**What to produce:** Return only the stretch of the material below that begins with the line containing "Suc b) = 2 *" and ends with the line containing "C \<alpha> :: real", exactly; both of those lines belong to it.

**Records supplied:**
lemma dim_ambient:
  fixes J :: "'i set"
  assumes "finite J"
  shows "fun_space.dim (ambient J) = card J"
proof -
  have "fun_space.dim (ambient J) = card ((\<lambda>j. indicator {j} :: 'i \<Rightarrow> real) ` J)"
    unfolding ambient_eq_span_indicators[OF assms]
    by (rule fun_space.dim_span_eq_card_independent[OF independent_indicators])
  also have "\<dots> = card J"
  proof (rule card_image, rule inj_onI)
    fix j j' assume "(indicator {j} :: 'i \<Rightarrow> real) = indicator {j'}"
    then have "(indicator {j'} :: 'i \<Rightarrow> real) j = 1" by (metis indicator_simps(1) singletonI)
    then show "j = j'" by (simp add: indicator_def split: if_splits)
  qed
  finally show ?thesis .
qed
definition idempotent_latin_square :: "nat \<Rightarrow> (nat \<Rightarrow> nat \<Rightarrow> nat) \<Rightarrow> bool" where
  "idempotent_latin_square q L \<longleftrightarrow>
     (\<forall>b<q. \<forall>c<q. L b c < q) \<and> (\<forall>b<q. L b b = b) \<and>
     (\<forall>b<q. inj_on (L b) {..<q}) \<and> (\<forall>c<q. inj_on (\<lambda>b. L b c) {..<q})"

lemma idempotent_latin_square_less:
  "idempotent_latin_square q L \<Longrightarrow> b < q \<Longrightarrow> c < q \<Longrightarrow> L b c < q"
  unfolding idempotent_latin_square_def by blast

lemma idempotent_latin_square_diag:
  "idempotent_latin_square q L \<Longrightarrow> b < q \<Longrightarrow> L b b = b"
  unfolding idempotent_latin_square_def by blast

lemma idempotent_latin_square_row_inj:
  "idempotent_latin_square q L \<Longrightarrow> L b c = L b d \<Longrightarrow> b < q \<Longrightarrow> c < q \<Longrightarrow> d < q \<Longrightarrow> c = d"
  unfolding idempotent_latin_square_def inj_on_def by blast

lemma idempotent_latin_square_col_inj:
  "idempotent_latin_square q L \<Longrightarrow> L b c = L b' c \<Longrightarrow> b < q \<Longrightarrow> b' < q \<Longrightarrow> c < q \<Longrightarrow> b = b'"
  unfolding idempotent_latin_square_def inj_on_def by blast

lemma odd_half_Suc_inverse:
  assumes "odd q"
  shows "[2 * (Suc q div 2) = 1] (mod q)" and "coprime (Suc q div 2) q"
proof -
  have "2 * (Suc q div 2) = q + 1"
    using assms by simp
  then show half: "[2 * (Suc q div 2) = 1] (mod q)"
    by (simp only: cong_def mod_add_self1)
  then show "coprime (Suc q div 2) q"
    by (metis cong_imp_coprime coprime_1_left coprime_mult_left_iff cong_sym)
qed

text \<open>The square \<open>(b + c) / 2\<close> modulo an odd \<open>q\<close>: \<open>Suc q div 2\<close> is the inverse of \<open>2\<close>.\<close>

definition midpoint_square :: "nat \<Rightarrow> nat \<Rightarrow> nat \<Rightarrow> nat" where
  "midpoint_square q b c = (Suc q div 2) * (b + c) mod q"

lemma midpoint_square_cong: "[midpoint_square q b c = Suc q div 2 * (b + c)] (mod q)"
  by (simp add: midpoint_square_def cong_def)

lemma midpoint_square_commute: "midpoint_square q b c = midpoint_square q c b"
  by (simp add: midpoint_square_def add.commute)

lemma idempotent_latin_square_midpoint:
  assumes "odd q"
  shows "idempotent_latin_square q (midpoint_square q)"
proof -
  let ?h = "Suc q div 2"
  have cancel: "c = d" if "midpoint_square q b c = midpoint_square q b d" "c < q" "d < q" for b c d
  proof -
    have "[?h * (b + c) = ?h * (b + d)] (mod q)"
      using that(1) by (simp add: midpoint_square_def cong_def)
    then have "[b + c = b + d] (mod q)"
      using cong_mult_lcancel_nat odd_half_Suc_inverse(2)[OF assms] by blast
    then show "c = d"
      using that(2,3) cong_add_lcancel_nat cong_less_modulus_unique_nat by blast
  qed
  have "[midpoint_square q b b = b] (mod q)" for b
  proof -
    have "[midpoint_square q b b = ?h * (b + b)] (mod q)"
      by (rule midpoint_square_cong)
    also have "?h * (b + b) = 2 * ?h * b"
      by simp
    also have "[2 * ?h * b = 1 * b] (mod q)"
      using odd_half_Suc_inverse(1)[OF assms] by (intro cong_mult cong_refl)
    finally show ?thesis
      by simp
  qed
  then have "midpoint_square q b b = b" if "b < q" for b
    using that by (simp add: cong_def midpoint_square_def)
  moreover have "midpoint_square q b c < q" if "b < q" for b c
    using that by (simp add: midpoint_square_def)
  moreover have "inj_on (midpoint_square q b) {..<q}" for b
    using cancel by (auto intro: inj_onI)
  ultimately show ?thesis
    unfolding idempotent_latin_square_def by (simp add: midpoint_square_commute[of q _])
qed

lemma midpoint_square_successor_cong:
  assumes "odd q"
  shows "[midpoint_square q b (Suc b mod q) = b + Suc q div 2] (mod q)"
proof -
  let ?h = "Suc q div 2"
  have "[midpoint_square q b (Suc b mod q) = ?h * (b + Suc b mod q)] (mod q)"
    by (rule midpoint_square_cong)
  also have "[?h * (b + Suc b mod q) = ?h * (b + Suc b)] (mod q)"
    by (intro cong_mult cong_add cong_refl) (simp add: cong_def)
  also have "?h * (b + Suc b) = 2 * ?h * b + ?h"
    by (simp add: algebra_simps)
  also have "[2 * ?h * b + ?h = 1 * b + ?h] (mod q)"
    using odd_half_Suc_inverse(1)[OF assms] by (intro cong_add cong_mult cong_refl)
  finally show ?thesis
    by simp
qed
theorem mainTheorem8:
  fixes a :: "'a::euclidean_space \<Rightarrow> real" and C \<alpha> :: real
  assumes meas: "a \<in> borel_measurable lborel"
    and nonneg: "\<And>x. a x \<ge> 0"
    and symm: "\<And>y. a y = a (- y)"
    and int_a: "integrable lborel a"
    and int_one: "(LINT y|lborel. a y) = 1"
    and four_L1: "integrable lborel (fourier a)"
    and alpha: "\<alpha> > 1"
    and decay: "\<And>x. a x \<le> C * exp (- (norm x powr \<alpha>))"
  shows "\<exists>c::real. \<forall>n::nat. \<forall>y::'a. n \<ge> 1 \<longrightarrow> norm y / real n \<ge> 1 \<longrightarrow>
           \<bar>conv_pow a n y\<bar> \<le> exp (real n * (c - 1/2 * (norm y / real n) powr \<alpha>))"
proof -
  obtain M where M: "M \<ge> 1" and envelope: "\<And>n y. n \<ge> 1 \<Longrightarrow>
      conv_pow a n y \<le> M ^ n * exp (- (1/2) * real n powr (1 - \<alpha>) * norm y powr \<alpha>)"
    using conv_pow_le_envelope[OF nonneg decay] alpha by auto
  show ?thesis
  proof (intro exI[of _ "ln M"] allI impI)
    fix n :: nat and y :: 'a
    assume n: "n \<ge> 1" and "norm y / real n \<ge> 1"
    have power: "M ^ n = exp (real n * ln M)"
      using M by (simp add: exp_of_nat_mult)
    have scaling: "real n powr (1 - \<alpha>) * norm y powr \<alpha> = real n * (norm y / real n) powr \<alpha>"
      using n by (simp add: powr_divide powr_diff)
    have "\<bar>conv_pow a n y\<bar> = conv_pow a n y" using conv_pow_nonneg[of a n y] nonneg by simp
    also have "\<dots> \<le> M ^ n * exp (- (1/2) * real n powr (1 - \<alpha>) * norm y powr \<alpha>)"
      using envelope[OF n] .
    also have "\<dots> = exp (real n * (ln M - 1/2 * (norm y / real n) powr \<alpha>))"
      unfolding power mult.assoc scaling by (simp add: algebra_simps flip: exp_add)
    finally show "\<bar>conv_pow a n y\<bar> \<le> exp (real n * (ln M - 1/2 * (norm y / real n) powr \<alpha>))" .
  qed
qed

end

**Finished task:**
  also have "?h * (b + Suc b) = 2 * ?h * b + ?h"
    by (simp add: algebra_simps)
  also have "[2 * ?h * b + ?h = 1 * b + ?h] (mod q)"
    using odd_half_Suc_inverse(1)[OF assms] by (intro cong_add cong_mult cong_refl)
  finally show ?thesis
    by simp
qed
theorem mainTheorem8:
  fixes a :: "'a::euclidean_space \<Rightarrow> real" and C \<alpha> :: real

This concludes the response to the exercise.